## TASK ITEM
How many lines of the records hold the string "Longrightarrow"? Reply with the number alone.
───── THE DATA
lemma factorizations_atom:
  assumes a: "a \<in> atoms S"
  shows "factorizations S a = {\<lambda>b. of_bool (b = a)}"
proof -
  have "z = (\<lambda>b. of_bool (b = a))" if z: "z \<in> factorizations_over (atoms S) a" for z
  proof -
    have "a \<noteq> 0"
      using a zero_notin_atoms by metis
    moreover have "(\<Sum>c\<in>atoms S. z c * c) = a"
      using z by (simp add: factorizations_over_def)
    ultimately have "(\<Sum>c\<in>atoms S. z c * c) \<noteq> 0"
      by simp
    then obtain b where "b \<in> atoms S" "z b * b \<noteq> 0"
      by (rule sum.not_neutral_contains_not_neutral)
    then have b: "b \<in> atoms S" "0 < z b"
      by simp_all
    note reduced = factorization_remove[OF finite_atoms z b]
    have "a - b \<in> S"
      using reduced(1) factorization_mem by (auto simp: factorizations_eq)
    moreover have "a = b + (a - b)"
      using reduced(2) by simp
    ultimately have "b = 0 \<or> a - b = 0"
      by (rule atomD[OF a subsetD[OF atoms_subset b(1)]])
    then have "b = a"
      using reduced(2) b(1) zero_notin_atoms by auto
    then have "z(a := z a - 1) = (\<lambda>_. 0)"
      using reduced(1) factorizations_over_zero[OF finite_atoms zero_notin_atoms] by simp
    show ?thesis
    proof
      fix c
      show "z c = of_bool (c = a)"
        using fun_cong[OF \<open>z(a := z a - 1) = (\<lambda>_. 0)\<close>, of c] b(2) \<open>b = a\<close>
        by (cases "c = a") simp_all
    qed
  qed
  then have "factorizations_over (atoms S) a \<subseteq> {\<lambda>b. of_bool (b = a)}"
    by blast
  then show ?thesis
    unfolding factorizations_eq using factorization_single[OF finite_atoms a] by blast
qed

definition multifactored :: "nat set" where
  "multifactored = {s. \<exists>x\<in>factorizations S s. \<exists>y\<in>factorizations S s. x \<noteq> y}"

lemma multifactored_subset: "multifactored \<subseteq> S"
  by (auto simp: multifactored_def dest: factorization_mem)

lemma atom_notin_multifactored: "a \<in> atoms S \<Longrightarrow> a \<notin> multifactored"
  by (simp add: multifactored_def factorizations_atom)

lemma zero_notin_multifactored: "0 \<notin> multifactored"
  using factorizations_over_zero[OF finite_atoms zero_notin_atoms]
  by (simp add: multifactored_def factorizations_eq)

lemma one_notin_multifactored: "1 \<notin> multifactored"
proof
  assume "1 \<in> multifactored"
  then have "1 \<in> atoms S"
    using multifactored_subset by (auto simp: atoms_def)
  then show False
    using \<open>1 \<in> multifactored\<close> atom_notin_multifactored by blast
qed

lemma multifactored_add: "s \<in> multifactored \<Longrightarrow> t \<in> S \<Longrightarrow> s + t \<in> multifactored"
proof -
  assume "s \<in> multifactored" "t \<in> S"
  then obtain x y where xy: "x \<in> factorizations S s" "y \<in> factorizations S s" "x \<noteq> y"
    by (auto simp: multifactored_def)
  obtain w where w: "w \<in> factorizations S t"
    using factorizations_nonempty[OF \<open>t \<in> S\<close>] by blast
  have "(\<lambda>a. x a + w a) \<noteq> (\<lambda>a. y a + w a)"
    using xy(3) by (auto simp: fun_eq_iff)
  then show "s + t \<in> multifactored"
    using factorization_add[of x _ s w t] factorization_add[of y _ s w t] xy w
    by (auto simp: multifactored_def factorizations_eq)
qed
──────────
## SOLUTION TO THIS EXERCISE
2